Data entries:
• • • • •

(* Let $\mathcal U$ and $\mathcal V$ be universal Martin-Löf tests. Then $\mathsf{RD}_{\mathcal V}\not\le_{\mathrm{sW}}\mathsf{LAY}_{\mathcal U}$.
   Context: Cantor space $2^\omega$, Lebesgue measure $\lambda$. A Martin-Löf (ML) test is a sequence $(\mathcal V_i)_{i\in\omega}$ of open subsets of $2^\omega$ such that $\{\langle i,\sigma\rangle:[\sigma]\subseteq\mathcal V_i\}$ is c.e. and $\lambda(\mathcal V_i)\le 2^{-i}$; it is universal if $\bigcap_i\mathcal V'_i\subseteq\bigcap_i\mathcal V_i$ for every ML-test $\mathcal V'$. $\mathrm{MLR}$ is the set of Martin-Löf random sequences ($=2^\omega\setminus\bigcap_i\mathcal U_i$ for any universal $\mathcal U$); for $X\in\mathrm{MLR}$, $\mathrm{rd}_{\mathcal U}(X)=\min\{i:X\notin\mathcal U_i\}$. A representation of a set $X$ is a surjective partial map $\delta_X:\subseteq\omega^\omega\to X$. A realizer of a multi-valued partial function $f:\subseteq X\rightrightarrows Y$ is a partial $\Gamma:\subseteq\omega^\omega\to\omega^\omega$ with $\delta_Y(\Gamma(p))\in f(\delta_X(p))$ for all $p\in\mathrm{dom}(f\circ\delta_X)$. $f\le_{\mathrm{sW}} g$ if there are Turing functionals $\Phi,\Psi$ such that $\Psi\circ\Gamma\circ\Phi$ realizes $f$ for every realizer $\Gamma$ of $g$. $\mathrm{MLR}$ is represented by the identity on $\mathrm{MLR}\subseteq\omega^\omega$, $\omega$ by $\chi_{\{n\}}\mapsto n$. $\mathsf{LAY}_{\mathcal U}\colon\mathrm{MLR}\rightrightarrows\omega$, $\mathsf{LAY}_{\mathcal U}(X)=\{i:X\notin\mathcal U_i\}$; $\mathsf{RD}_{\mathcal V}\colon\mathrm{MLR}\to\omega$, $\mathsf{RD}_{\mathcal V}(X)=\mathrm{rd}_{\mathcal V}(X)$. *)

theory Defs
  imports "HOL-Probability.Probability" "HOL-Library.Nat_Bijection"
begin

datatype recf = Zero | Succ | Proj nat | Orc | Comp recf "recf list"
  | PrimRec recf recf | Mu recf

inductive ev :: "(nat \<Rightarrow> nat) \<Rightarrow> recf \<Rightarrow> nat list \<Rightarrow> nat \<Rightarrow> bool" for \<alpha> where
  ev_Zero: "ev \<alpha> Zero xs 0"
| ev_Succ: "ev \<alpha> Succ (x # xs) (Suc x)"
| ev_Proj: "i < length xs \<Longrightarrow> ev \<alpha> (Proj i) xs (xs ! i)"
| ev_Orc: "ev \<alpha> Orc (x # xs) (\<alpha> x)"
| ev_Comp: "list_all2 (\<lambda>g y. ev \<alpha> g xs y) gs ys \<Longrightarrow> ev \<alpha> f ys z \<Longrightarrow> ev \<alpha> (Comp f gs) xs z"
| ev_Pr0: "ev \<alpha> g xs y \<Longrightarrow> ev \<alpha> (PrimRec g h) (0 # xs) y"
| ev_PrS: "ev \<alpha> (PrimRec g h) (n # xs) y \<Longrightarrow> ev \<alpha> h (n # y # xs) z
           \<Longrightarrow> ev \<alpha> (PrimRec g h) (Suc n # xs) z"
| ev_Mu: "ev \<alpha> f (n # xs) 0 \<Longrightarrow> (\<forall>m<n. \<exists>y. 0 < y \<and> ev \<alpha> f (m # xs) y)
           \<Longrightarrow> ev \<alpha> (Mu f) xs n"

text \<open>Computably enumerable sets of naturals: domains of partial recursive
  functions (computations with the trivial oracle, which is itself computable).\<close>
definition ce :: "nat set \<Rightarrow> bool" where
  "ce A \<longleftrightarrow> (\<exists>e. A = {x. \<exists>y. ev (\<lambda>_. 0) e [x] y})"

• • • • •

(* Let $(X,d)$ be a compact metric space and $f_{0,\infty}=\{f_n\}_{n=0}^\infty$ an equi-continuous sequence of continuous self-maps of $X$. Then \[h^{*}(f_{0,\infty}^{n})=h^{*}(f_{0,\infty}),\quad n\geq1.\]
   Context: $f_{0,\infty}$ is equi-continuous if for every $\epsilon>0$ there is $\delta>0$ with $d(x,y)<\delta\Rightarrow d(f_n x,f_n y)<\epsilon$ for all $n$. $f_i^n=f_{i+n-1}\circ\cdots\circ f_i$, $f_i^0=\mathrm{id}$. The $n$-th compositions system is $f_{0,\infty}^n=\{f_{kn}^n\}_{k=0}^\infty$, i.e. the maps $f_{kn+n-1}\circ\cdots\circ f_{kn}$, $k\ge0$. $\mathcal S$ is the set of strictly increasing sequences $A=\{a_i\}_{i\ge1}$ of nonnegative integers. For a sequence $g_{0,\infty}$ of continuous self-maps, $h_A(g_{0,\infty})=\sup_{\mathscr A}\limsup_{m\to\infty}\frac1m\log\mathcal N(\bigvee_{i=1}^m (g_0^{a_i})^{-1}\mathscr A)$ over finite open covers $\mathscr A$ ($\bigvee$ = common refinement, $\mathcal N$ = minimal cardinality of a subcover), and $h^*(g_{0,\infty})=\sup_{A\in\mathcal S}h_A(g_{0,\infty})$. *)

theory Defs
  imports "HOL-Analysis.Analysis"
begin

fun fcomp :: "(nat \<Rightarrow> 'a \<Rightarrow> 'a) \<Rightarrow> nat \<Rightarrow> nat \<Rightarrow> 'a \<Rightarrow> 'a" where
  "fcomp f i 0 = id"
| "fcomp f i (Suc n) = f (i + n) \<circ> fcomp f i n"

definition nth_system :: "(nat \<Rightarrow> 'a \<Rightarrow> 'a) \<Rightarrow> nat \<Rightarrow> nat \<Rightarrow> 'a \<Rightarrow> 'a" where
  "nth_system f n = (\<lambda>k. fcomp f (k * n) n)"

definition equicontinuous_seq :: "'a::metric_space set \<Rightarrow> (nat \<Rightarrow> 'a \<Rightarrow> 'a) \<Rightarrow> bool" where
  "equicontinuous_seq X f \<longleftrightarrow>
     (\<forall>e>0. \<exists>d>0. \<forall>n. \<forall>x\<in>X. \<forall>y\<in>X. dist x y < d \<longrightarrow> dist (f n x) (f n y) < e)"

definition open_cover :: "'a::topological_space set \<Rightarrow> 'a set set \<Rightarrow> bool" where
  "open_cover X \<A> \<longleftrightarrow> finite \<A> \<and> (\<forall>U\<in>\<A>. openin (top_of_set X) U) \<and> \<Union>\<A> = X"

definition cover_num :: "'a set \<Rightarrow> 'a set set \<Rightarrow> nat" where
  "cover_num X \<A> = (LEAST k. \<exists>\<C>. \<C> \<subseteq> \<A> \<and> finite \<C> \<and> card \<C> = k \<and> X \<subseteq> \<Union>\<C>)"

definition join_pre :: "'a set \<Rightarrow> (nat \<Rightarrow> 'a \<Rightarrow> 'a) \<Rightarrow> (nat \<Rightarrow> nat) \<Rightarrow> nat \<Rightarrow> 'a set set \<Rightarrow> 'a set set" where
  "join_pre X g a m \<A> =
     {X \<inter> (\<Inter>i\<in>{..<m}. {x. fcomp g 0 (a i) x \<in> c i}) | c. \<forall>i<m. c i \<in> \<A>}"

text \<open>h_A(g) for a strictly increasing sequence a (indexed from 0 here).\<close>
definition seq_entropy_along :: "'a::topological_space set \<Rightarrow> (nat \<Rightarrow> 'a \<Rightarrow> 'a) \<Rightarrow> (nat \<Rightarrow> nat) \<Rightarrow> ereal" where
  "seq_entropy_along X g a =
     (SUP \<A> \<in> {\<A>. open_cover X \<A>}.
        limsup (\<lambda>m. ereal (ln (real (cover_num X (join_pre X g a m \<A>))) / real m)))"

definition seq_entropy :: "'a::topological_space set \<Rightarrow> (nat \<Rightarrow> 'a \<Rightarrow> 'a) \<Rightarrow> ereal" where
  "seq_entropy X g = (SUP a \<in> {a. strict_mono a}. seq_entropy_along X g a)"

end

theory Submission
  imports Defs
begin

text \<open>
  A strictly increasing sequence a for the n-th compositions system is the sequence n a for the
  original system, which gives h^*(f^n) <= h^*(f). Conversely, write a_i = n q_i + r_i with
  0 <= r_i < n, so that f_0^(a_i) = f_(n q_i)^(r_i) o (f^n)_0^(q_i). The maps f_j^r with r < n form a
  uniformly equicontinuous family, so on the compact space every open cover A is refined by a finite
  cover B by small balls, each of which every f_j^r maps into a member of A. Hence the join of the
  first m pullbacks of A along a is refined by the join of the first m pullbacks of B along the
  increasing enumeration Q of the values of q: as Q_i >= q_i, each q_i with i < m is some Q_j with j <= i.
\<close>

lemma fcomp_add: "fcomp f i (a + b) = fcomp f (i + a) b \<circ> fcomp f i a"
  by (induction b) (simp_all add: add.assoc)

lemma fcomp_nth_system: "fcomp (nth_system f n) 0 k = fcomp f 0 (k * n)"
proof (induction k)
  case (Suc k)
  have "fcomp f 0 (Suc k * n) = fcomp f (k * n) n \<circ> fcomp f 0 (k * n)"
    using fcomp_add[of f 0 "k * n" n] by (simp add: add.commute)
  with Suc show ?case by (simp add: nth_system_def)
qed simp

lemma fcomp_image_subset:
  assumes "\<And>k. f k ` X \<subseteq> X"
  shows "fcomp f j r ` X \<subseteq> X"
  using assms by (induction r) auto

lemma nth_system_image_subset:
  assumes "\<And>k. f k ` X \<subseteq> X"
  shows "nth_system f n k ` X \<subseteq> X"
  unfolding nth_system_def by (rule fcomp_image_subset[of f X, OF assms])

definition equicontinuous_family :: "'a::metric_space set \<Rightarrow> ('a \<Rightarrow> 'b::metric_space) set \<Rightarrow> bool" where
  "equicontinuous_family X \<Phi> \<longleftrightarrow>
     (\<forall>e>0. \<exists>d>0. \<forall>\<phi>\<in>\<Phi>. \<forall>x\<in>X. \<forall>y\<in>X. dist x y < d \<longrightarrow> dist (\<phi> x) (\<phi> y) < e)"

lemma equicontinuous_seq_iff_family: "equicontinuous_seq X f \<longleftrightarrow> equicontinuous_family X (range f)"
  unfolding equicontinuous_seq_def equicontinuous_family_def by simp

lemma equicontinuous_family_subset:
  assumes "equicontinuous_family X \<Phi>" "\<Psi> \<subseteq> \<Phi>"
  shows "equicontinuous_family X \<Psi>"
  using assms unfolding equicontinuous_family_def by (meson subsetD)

• • • • •

Return exactly the lines above from the line that has "recf | Mu recf" through the line that has "Succ (x # xs)", inclusive, and nothing else.

§ Finished exercise
  | PrimRec recf recf | Mu recf

inductive ev :: "(nat \<Rightarrow> nat) \<Rightarrow> recf \<Rightarrow> nat list \<Rightarrow> nat \<Rightarrow> bool" for \<alpha> where
  ev_Zero: "ev \<alpha> Zero xs 0"
| ev_Succ: "ev \<alpha> Succ (x # xs) (Suc x)"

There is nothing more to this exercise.